**YOUR TASK**
What number of lines in the records below hold the word "where"? Give that number alone.
**********
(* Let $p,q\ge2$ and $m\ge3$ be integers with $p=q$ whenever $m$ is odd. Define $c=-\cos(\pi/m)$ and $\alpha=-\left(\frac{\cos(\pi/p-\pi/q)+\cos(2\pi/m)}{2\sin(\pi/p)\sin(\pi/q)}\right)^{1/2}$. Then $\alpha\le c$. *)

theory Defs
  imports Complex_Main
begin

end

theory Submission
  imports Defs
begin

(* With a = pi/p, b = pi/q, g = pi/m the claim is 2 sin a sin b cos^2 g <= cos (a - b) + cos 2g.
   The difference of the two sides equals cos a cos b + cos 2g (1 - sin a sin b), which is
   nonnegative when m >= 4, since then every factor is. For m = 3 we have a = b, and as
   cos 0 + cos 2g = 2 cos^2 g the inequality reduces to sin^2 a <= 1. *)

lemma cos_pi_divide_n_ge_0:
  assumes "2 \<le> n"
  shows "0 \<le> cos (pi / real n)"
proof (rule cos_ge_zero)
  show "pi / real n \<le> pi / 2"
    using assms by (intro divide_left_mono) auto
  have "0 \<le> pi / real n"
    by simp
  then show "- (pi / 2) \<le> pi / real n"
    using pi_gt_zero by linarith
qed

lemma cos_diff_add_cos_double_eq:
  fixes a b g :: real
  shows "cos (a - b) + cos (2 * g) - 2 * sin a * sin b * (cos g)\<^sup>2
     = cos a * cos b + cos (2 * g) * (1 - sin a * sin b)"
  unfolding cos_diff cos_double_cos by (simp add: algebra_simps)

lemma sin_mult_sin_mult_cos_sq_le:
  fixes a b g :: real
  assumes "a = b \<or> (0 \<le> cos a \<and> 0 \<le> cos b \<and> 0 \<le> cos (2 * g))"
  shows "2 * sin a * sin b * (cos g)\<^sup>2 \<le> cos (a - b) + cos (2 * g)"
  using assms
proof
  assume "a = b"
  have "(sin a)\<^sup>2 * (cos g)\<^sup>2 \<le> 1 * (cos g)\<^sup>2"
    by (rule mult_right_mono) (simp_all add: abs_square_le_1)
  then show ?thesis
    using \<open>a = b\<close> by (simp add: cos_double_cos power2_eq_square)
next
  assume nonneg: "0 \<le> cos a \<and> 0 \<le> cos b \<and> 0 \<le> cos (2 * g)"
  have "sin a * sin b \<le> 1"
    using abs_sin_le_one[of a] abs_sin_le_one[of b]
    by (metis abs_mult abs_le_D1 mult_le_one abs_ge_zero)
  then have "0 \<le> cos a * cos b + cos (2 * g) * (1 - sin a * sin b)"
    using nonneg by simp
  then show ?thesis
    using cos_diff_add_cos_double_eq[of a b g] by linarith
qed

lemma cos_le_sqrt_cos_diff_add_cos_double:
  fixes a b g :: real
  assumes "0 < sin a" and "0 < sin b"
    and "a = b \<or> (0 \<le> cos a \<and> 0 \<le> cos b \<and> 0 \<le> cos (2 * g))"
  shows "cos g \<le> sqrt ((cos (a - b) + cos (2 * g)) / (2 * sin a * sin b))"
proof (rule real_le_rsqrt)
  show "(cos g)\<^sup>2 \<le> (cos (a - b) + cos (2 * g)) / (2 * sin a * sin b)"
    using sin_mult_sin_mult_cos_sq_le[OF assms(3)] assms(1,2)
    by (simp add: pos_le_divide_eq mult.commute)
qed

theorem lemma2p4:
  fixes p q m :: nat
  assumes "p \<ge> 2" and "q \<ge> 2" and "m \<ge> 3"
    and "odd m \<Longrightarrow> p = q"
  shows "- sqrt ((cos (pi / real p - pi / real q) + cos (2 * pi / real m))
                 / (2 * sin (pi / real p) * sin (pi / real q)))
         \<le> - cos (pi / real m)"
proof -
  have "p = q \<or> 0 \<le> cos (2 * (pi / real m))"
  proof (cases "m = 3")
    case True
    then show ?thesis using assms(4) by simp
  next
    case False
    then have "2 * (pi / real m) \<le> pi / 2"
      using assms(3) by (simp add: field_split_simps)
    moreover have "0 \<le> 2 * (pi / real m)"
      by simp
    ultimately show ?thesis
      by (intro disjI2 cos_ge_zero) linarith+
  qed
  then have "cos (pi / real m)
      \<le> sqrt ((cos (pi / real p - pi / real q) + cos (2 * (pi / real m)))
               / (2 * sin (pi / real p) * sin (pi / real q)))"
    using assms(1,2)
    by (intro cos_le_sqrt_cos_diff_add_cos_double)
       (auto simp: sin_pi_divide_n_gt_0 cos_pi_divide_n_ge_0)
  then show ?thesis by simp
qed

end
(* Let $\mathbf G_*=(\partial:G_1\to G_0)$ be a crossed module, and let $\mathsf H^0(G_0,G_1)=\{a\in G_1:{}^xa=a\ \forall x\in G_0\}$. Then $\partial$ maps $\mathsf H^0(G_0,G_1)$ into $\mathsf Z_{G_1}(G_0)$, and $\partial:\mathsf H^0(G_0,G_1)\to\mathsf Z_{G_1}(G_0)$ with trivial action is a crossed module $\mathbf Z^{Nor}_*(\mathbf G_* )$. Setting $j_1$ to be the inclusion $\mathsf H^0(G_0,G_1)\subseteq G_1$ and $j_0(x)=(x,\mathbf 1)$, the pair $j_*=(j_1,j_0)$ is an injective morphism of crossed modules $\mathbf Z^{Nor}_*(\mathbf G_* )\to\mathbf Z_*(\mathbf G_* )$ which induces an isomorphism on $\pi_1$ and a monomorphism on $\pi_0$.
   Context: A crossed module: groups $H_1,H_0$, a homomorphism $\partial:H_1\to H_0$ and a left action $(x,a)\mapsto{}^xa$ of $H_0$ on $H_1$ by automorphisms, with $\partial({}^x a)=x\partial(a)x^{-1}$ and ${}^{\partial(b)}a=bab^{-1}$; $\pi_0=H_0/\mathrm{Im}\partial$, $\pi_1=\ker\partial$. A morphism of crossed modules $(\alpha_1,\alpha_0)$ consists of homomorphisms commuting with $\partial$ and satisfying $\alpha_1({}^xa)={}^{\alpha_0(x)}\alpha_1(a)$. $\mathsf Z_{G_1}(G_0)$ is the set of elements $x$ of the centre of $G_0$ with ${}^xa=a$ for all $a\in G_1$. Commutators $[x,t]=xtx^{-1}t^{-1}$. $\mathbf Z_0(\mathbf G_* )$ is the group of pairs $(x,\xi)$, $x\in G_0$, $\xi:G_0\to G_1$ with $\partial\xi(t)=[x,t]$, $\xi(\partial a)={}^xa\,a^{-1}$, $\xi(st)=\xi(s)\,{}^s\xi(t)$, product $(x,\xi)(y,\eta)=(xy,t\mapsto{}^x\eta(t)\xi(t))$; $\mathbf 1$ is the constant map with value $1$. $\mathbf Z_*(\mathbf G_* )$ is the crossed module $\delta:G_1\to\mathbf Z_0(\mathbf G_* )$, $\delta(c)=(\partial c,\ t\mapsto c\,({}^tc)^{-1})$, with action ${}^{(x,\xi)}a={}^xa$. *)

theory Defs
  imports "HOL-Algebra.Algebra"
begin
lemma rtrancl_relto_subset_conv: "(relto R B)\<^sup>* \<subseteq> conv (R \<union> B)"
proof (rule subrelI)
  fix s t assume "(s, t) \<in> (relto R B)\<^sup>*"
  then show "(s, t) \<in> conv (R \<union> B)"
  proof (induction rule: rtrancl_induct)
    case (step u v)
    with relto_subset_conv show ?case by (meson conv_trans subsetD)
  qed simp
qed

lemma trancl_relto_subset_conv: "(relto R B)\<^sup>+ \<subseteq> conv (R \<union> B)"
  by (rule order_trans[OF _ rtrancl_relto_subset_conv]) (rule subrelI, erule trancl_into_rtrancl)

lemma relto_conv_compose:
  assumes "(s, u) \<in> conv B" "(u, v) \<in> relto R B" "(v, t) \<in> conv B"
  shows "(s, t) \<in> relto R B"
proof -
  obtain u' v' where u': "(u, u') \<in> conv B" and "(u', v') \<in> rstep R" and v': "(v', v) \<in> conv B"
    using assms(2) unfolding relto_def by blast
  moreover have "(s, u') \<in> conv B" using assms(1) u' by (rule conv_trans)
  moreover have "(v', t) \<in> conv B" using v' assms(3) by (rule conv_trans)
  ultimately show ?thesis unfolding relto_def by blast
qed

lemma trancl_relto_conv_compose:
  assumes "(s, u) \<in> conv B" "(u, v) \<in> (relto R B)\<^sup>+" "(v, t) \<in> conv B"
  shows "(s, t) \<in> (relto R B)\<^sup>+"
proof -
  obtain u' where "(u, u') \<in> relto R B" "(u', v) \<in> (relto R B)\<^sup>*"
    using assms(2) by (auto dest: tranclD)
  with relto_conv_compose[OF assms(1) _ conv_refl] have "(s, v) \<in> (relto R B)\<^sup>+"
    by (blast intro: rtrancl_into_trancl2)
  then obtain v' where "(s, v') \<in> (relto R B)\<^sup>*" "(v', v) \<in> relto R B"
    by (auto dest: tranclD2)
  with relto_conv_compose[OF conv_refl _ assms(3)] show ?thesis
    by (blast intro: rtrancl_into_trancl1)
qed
**********
**SOLUTION**
3